Asia: The Soviets Stir Up the Pacific
ASIA Flexing their new muscles provokes alarm and resolve
The relentless Soviet military buildup of the past two decades has been a worldwide phenomenon. But in the past year or so, in addition to digging in deeper in Afghanistan, the U.S.S.R. seems to have been concentrating on its eastern flank: it has steadily reinforced what were already formidable land, air and sea forces along the rim of the Pacific. A shift in the area's balance of power would be bad news for the West. The U.S. has some important old friends in East Asia, notably Japan, as well as a big if problematic new one, the People's Republic of China. East Asia also contains two perennial trouble spots that could be flash points of superpower confrontationthe Korean peninsula and Indochina. TIME Diplomatic Correspondent Strobe Talbott, who has returned from an extensive East Asian tour, reports:
For more than 30 years, U.S. diplomats, generals and admirals have often been frustrated in their attempts to get America's friends and allies in East Asia to overcome their many differences and join forces in resisting Soviet advancements in the region. The prospects for such cooperation have recently improved, not necessarily because the U.S. is suddenly more persuasive, but because the Soviet Union has been building up its military forces so vigorously and, in the view of many East Asians, provocatively.
Japan is feeling particularly exposed to Soviet military power.

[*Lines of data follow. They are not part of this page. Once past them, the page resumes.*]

(* Consider the compound decision framework described in the context, with first selection rule $\mathbf s^1:\mathcal X\to\{0,1\}^m$, decision strategy $\tilde{\mathbf d}:\{0,1\}^m\times\mathcal X\to\mathcal D$ and selection strategy $\tilde{\mathbf s}:\mathcal D\times\mathcal X\to\{0,1\}^m$. Suppose (i) the composite selection is contracting: for every $\mathbf S\in\{0,1\}^m$, $\tilde{\mathbf s}(\tilde{\mathbf d}(\mathbf S,\mathbf X),\mathbf X)\preceq\mathbf S$ with probability 1; (ii) for all $t\ge1$ and all $\theta\in\Theta$, $r(\mathbf d^t,\mathbf s^t,\theta)\le q$. Then the decision rule $\mathbf d^T$ produced by the iteration controls the extra-selection risk at level $q$: for all $\theta\in\Theta$, $$r(\mathbf d^T,\mathbf s^{T+1},\theta)=\mathbb E_\theta\left[\frac{\sum_{i\in\mathcal S^{T+1}}\ell_i(D_i^T,\theta)}{1\vee|\mathcal S^{T+1}|}\right]\le q.$$
   Context: Data $\mathbf X$ takes values in a space $\mathcal X$ with distribution $P_\theta$, $\theta\in\Theta$; $\mathbb E_\theta$ is expectation under $P_\theta$. There are $m$ tasks; task $i$ has a decision space $\mathcal D_i$ and loss $\ell_i:\mathcal D_i\times\Theta\to[0,1]$; $\mathcal D=\mathcal D_1\times\dots\times\mathcal D_m$. For a decision rule $\mathbf d:\mathcal X\to\mathcal D$ and selection rule $\mathbf s:\mathcal X\to\{0,1\}^m$, the selective risk is $r(\mathbf d,\mathbf s,\theta)=\mathbb E_\theta\big[\sum_{i=1}^m s_i(\mathbf X)\ell_i(d_i(\mathbf X),\theta)/(1\vee\sum_{i=1}^m s_i(\mathbf X))\big]$. For $\mathbf S,\mathbf S'\in\{0,1\}^m$, $\mathbf S\preceq\mathbf S'$ means $S_i\le S_i'$ for all $i$; the selected set of $\mathbf S$ is $\mathcal S=\{i:S_i=1\}$ and $|\mathcal S|=\sum_iS_i$. The iteration (Algorithm 1): $\mathbf S^1=\mathbf s^1(\mathbf X)$; for $t\ge1$, $\mathbf D^t=\tilde{\mathbf d}(\mathbf S^t,\mathbf X)$ and $\mathbf S^{t+1}=\tilde{\mathbf s}(\mathbf D^t,\mathbf X)$; $T$ is the first $t$ with $\mathbf S^{t+1}=\mathbf S^t$ (a random index). Cumulative rules: $\mathbf s^t(\mathbf X)=\mathbf S^t$ i.e. $\mathbf s^t=(\tilde{\mathbf s}\circ\tilde{\mathbf d})^{t-1}\circ\mathbf s^1$ where $(\tilde{\mathbf s}\circ\tilde{\mathbf d})(\mathbf S,\mathbf X)=\tilde{\mathbf s}(\tilde{\mathbf d}(\mathbf S,\mathbf X),\mathbf X)$, and $\mathbf d^t(\mathbf X)=\tilde{\mathbf d}(\mathbf s^t(\mathbf X),\mathbf X)=\mathbf D^t$. The rules $\mathbf d^T$ and $\mathbf s^{T+1}$ map $\mathbf X$ to $\mathbf D^{T}$ and $\mathbf S^{T+1}$ respectively. *)

theory Defs
  imports "HOL-Probability.Probability"
begin

text \<open>Tasks are indexed by a finite type 'i (m = CARD('i)); a selection vector
S in {0,1}^m is represented by its selected set (an 'i set); decisions are
functions 'i => 'd, with decision spaces Dsp i.\<close>

definition sel_risk ::
  "'x measure \<Rightarrow> ('i::finite \<Rightarrow> 'd \<Rightarrow> 'th \<Rightarrow> real) \<Rightarrow> 'th
   \<Rightarrow> ('x \<Rightarrow> 'i \<Rightarrow> 'd) \<Rightarrow> ('x \<Rightarrow> 'i set) \<Rightarrow> real" where
  "sel_risk P l \<theta> d s =
     (\<integral>x. (\<Sum>i\<in>s x. l i (d x i) \<theta>) / max 1 (real (card (s x))) \<partial>P)"

definition cum_sel ::
  "('x \<Rightarrow> 'i set) \<Rightarrow> ('i set \<Rightarrow> 'x \<Rightarrow> 'i \<Rightarrow> 'd) \<Rightarrow> (('i \<Rightarrow> 'd) \<Rightarrow> 'x \<Rightarrow> 'i set)
   \<Rightarrow> nat \<Rightarrow> 'x \<Rightarrow> 'i set" where
  "cum_sel s1 dt st t x = ((\<lambda>S. st (dt S x) x) ^^ (t - 1)) (s1 x)"

definition cum_dec ::
  "('x \<Rightarrow> 'i set) \<Rightarrow> ('i set \<Rightarrow> 'x \<Rightarrow> 'i \<Rightarrow> 'd) \<Rightarrow> (('i \<Rightarrow> 'd) \<Rightarrow> 'x \<Rightarrow> 'i set)
   \<Rightarrow> nat \<Rightarrow> 'x \<Rightarrow> 'i \<Rightarrow> 'd" where
  "cum_dec s1 dt st t x = dt (cum_sel s1 dt st t x) x"

definition stop_time ::
  "('x \<Rightarrow> 'i set) \<Rightarrow> ('i set \<Rightarrow> 'x \<Rightarrow> 'i \<Rightarrow> 'd) \<Rightarrow> (('i \<Rightarrow> 'd) \<Rightarrow> 'x \<Rightarrow> 'i set)
   \<Rightarrow> 'x \<Rightarrow> nat" where
  "stop_time s1 dt st x =
     (LEAST t. 1 \<le> t \<and> cum_sel s1 dt st (Suc t) x = cum_sel s1 dt st t x)"

end

theory Submission
  imports Defs
begin

text \<open>If the composite map S \<mapsto> s~(d~(S, X), X) is deflationary, the selected sets S^t
decrease, so on a finite index set they become constant after at most m steps. From the
stopping index T on, the iteration is at this fixed point, hence almost surely
(d^T, s^(T+1)) = (d^(m+1), s^(m+1)) and the stopped risk is just the risk of the fixed
round m + 1, which is at most q by hypothesis.\<close>

lemma deflationary_funpow_fixpoint:
  fixes F :: "'a set \<Rightarrow> 'a set"
  assumes deflationary: "\<And>S. F S \<subseteq> S" and "finite S0"
  shows "\<exists>k \<le> card S0. F ((F ^^ k) S0) = (F ^^ k) S0"
  using \<open>finite S0\<close>
proof (induction S0 rule: finite_psubset_induct)
  case (psubset S)
  show ?case
  proof (cases "F S = S")
    case True
    then show ?thesis by (intro exI[of _ 0]) simp
  next
    case False
    with deflationary have "F S \<subset> S" by blast
    with psubset.hyps have card_less: "card (F S) < card S"
      by (simp add: psubset_card_mono)
    from \<open>F S \<subset> S\<close> obtain k
      where "k \<le> card (F S)" "F ((F ^^ k) (F S)) = (F ^^ k) (F S)"
      using psubset.IH by blast
    moreover have "(F ^^ Suc k) S = (F ^^ k) (F S)"
      by (simp only: funpow_Suc_right o_apply)
    ultimately show ?thesis
      using card_less by (intro exI[of _ "Suc k"]) simp
  qed
qed

lemma funpow_eq_after_fixpoint:
  assumes fixed: "f ((f ^^ k) x) = (f ^^ k) x" and "k \<le> n"
  shows "(f ^^ n) x = (f ^^ k) x"
  using \<open>k \<le> n\<close>
proof (induction n rule: dec_induct)
  case (step n)
  then show ?case using fixed by simp
qed simp

lemma cum_sel_stop_time:
  fixes s1 :: "'x \<Rightarrow> 'i::finite set"
  assumes contracting: "\<And>S. st (dt S x) x \<subseteq> S"
  shows "cum_sel s1 dt st (stop_time s1 dt st x) x = cum_sel s1 dt st (Suc CARD('i)) x"
    and "cum_sel s1 dt st (Suc (stop_time s1 dt st x)) x = cum_sel s1 dt st (Suc CARD('i)) x"
proof -
  define F where "F = (\<lambda>S. st (dt S x) x)"
  define T where "T = stop_time s1 dt st x"
  define stops where "stops t \<longleftrightarrow> (\<exists>j. t = Suc j \<and> F ((F ^^ j) (s1 x)) = (F ^^ j) (s1 x))"
    for t
  have cum_sel_F: "cum_sel s1 dt st t x = (F ^^ (t - 1)) (s1 x)" for t
    by (simp add: cum_sel_def F_def)
  have "1 \<le> t \<and> cum_sel s1 dt st (Suc t) x = cum_sel s1 dt st t x \<longleftrightarrow> stops t" for t
    by (cases t) (simp_all add: cum_sel_F stops_def)
  then have T_least: "T = Least stops"
    by (simp add: T_def stop_time_def)
  obtain k where "k \<le> card (s1 x)" and fix_k: "F ((F ^^ k) (s1 x)) = (F ^^ k) (s1 x)"
    using deflationary_funpow_fixpoint[of F "s1 x"] contracting by (auto simp: F_def)
  then have k: "k \<le> CARD('i)" and stops_Suc_k: "stops (Suc k)"
    using card_mono[of UNIV "s1 x"] by (simp_all add: stops_def)
  have "stops T"
    unfolding T_least by (rule LeastI[of stops, OF stops_Suc_k])
  then obtain j where T: "T = Suc j" and fix_j: "F ((F ^^ j) (s1 x)) = (F ^^ j) (s1 x)"
    unfolding stops_def by blast
  have "T \<le> Suc k"
    unfolding T_least by (rule Least_le[of stops, OF stops_Suc_k])
  with T k have "(F ^^ CARD('i)) (s1 x) = (F ^^ j) (s1 x)"
    by (intro funpow_eq_after_fixpoint[OF fix_j]) simp
  then show "cum_sel s1 dt st T x = cum_sel s1 dt st (Suc CARD('i)) x"
    and "cum_sel s1 dt st (Suc T) x = cum_sel s1 dt st (Suc CARD('i)) x"
    using fix_j by (simp_all add: cum_sel_F T)
qed

lemma measurable_funpow_count_space:
  fixes F :: "'a::countable \<Rightarrow> 'x \<Rightarrow> 'a"
  assumes F: "\<And>a. F a \<in> measurable M (count_space UNIV)"
    and s: "s \<in> measurable M (count_space UNIV)"
  shows "(\<lambda>x. ((\<lambda>a. F a x) ^^ n) (s x)) \<in> measurable M (count_space UNIV)"
proof (induction n)
  case (Suc n)
  have "(\<lambda>x. F (((\<lambda>a. F a x) ^^ n) (s x)) x) \<in> measurable M (count_space UNIV)"
    by (rule measurable_compose_countable[where f = F, OF F Suc])
  then show ?case by simp
qed (simp add: s)

context
  fixes M :: "'x measure"
    and s1 :: "'x \<Rightarrow> 'i::finite set"
    and dt :: "'i set \<Rightarrow> 'x \<Rightarrow> 'i \<Rightarrow> 'd"
    and st :: "('i \<Rightarrow> 'd) \<Rightarrow> 'x \<Rightarrow> 'i set"
  assumes meas_s1: "s1 \<in> measurable M (count_space UNIV)"
    and meas_comp: "\<And>S. (\<lambda>x. st (dt S x) x) \<in> measurable M (count_space UNIV)"
begin

lemma measurable_cum_sel: "cum_sel s1 dt st t \<in> measurable M (count_space UNIV)"
  unfolding cum_sel_def
  by (rule measurable_funpow_count_space[OF meas_comp meas_s1])

lemma measurable_stop_time: "stop_time s1 dt st \<in> measurable M (count_space UNIV)"
proof -
  have [measurable]: "Measurable.pred M (\<lambda>x. cum_sel s1 dt st (Suc t) x = cum_sel s1 dt st t x)"
    for t
    by (rule measurable_compose_countable[where f = "\<lambda>S x. S = cum_sel s1 dt st t x",
          OF pred_count_space_const2[OF measurable_cum_sel] measurable_cum_sel])
  show ?thesis
    unfolding stop_time_def by measurable
qed

lemma measurable_cum_sel_at:
  assumes "\<tau> \<in> measurable M (count_space UNIV)"
  shows "(\<lambda>x. cum_sel s1 dt st (\<tau> x) x) \<in> measurable M (count_space UNIV)"
  by (rule measurable_compose_countable[where f = "cum_sel s1 dt st", OF measurable_cum_sel assms])

end

lemma measurable_sel_risk_integrand:
  fixes A B :: "'x \<Rightarrow> 'i::finite set"
  assumes A: "A \<in> measurable M (count_space UNIV)" and B: "B \<in> measurable M (count_space UNIV)"
    and meas_loss: "\<And>S i. (\<lambda>x. l i (dt S x i) \<theta>) \<in> borel_measurable M"
  shows "(\<lambda>x. (\<Sum>i\<in>B x. l i (dt (A x) x i) \<theta>) / max 1 (real (card (B x))))
           \<in> borel_measurable M"
proof -
  have "(\<lambda>x. (\<Sum>i\<in>S'. l i (dt S x i) \<theta>) / max 1 (real (card S'))) \<in> borel_measurable M"
    for S S'
    using meas_loss by measurable
  then have "(\<lambda>x. (\<Sum>i\<in>B x. l i (dt S x i) \<theta>) / max 1 (real (card (B x))))
      \<in> borel_measurable M" for S
    by (rule measurable_compose_countable[OF _ B,
          where f = "\<lambda>S' x. (\<Sum>i\<in>S'. l i (dt S x i) \<theta>) / max 1 (real (card S'))"])
  then show ?thesis
    by (rule measurable_compose_countable[OF _ A,
          where f = "\<lambda>S x. (\<Sum>i\<in>B x. l i (dt S x i) \<theta>) / max 1 (real (card (B x)))"])
qed

lemma sel_risk_cong_AE:
  fixes A B A' B' :: "'x \<Rightarrow> 'i::finite set"
  assumes "A \<in> measurable M (count_space UNIV)" and "B \<in> measurable M (count_space UNIV)"
    and "A' \<in> measurable M (count_space UNIV)" and "B' \<in> measurable M (count_space UNIV)"
    and meas_loss: "\<And>S i. (\<lambda>x. l i (dt S x i) \<theta>) \<in> borel_measurable M"
    and AE_eq: "AE x in M. A x = A' x \<and> B x = B' x"
  shows "sel_risk M l \<theta> (\<lambda>x. dt (A x) x) B = sel_risk M l \<theta> (\<lambda>x. dt (A' x) x) B'"
  unfolding sel_risk_def
proof (rule integral_cong_AE)
  show "(\<lambda>x. (\<Sum>i\<in>B x. l i (dt (A x) x i) \<theta>) / max 1 (real (card (B x))))
      \<in> borel_measurable M"
    by (rule measurable_sel_risk_integrand[where l = l and dt = dt, OF assms(1,2) meas_loss])
  show "(\<lambda>x. (\<Sum>i\<in>B' x. l i (dt (A' x) x i) \<theta>) / max 1 (real (card (B' x))))
      \<in> borel_measurable M"
    by (rule measurable_sel_risk_integrand[where l = l and dt = dt, OF assms(3,4) meas_loss])
  show "AE x in M. (\<Sum>i\<in>B x. l i (dt (A x) x i) \<theta>) / max 1 (real (card (B x)))
      = (\<Sum>i\<in>B' x. l i (dt (A' x) x i) \<theta>) / max 1 (real (card (B' x)))"
    using AE_eq by eventually_elim simp
qed

theorem theorem1:
  fixes P :: "'th \<Rightarrow> 'x measure"
    and \<Theta> :: "'th set"
    and Dsp :: "'i::finite \<Rightarrow> 'd set"
    and l :: "'i \<Rightarrow> 'd \<Rightarrow> 'th \<Rightarrow> real"
    and s1 :: "'x \<Rightarrow> 'i set"
    and dt :: "'i set \<Rightarrow> 'x \<Rightarrow> 'i \<Rightarrow> 'd"
    and st :: "('i \<Rightarrow> 'd) \<Rightarrow> 'x \<Rightarrow> 'i set"
    and q :: real
  assumes prob: "\<And>\<theta>. \<theta> \<in> \<Theta> \<Longrightarrow> prob_space (P \<theta>)"
    and loss_range: "\<And>i d \<theta>. d \<in> Dsp i \<Longrightarrow> \<theta> \<in> \<Theta> \<Longrightarrow> 0 \<le> l i d \<theta> \<and> l i d \<theta> \<le> 1"
    and dt_range: "\<And>S x i. dt S x i \<in> Dsp i"
    and meas_s1: "\<And>\<theta>. \<theta> \<in> \<Theta> \<Longrightarrow> s1 \<in> measurable (P \<theta>) (count_space UNIV)"
    and meas_comp: "\<And>\<theta> S. \<theta> \<in> \<Theta> \<Longrightarrow>
                      (\<lambda>x. st (dt S x) x) \<in> measurable (P \<theta>) (count_space UNIV)"
    and meas_loss: "\<And>\<theta> S i. \<theta> \<in> \<Theta> \<Longrightarrow> (\<lambda>x. l i (dt S x i) \<theta>) \<in> borel_measurable (P \<theta>)"
    and contracting: "\<And>\<theta> S. \<theta> \<in> \<Theta> \<Longrightarrow> AE x in P \<theta>. st (dt S x) x \<subseteq> S"
    and risk_t: "\<And>t \<theta>. 1 \<le> t \<Longrightarrow> \<theta> \<in> \<Theta> \<Longrightarrow>
                   sel_risk (P \<theta>) l \<theta> (cum_dec s1 dt st t) (cum_sel s1 dt st t) \<le> q"
  shows "\<forall>\<theta>\<in>\<Theta>. sel_risk (P \<theta>) l \<theta>
            (\<lambda>x. cum_dec s1 dt st (stop_time s1 dt st x) x)
            (\<lambda>x. cum_sel s1 dt st (Suc (stop_time s1 dt st x)) x) \<le> q"
proof
  fix \<theta> assume \<theta>: "\<theta> \<in> \<Theta>"
  let ?T = "stop_time s1 dt st" and ?N = "Suc CARD('i)"
  note meas_s1 = meas_s1[OF \<theta>] and meas_comp = meas_comp[OF \<theta>]
  note meas_cum_sel = measurable_cum_sel[where dt = dt and st = st, OF meas_s1 meas_comp]
    and meas_cum_sel_at = measurable_cum_sel_at[where dt = dt and st = st, OF meas_s1 meas_comp]
  have meas_T: "?T \<in> measurable (P \<theta>) (count_space UNIV)"
    by (rule measurable_stop_time[where dt = dt and st = st, OF meas_s1 meas_comp])
  then have meas_Suc_T: "(\<lambda>x. Suc (?T x)) \<in> measurable (P \<theta>) (count_space UNIV)"
    by measurable
  have "AE x in P \<theta>. \<forall>S. st (dt S x) x \<subseteq> S"
    using contracting[OF \<theta>] by (simp add: AE_all_countable)
  then have "AE x in P \<theta>. cum_sel s1 dt st (?T x) x = cum_sel s1 dt st ?N x
      \<and> cum_sel s1 dt st (Suc (?T x)) x = cum_sel s1 dt st ?N x"
    by eventually_elim (simp add: cum_sel_stop_time)
  \<comment> \<open>No integrability is needed, hence neither the loss bounds nor prob_space.\<close>
  then have "sel_risk (P \<theta>) l \<theta> (\<lambda>x. cum_dec s1 dt st (?T x) x)
      (\<lambda>x. cum_sel s1 dt st (Suc (?T x)) x)
      = sel_risk (P \<theta>) l \<theta> (cum_dec s1 dt st ?N) (cum_sel s1 dt st ?N)"
    unfolding cum_dec_def[abs_def]
    by (rule sel_risk_cong_AE[where l = l and dt = dt, OF meas_cum_sel_at[OF meas_T] meas_cum_sel_at[OF meas_Suc_T]
          meas_cum_sel meas_cum_sel meas_loss[OF \<theta>]])
  also have "\<dots> \<le> q"
    using risk_t[OF _ \<theta>] by simp
  finally show "sel_risk (P \<theta>) l \<theta> (\<lambda>x. cum_dec s1 dt st (?T x) x)
      (\<lambda>x. cum_sel s1 dt st (Suc (?T x)) x) \<le> q" .
qed

end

In the past two years, the Soviet Union has garrisoned about 10,000 ground troops on four islands north of Japan. The Soviet Union seized the islands at the close of World War II, but Japan still claims them. This newly strengthened Soviet outpost includes Mi-24 assault helicopters, among the most sophisticated antitank gunships in the world and therefore an obvious threat to the Japanese armored units stationed just across the Nemuro Strait on the northernmost Japanese island of Hokkaido.
In the past six months, the U.S.S.R. has also significantly beefed up the firepower it has aimed at Japan from the Soviet mainland. The Kremlin has replaced its MiG-21s with the more advanced MiG-23 combat fighters and has moved a battery of SS-20 mobile missiles with multiple warheads, plus at least ten supersonic Backfire bombers armed with antiship missiles, from Europe to bases near Vladivostok, directly across the Sea of Japan from Hokkaido.
One Soviet motive for these threatening deployments is to give military weight to Moscow's territorial claim over the disputed islands. The Kremlin may have made its point, but it has also aroused Japanese ire and permitted Japanese generals and hawkish politicians to talk more openly about increased defense spending. Japanese public opinion still fears the shadow of the country's militaristic past, and the government is quite sensitive to the lingering resentment among East Asian countries that were occupied by Japan in World War II. But, as one Japanese official puts it, "advocacy of a more active defense policy was virtually taboo a year or two ago. Now it is merely controversial. We have the Russians to thank for the change."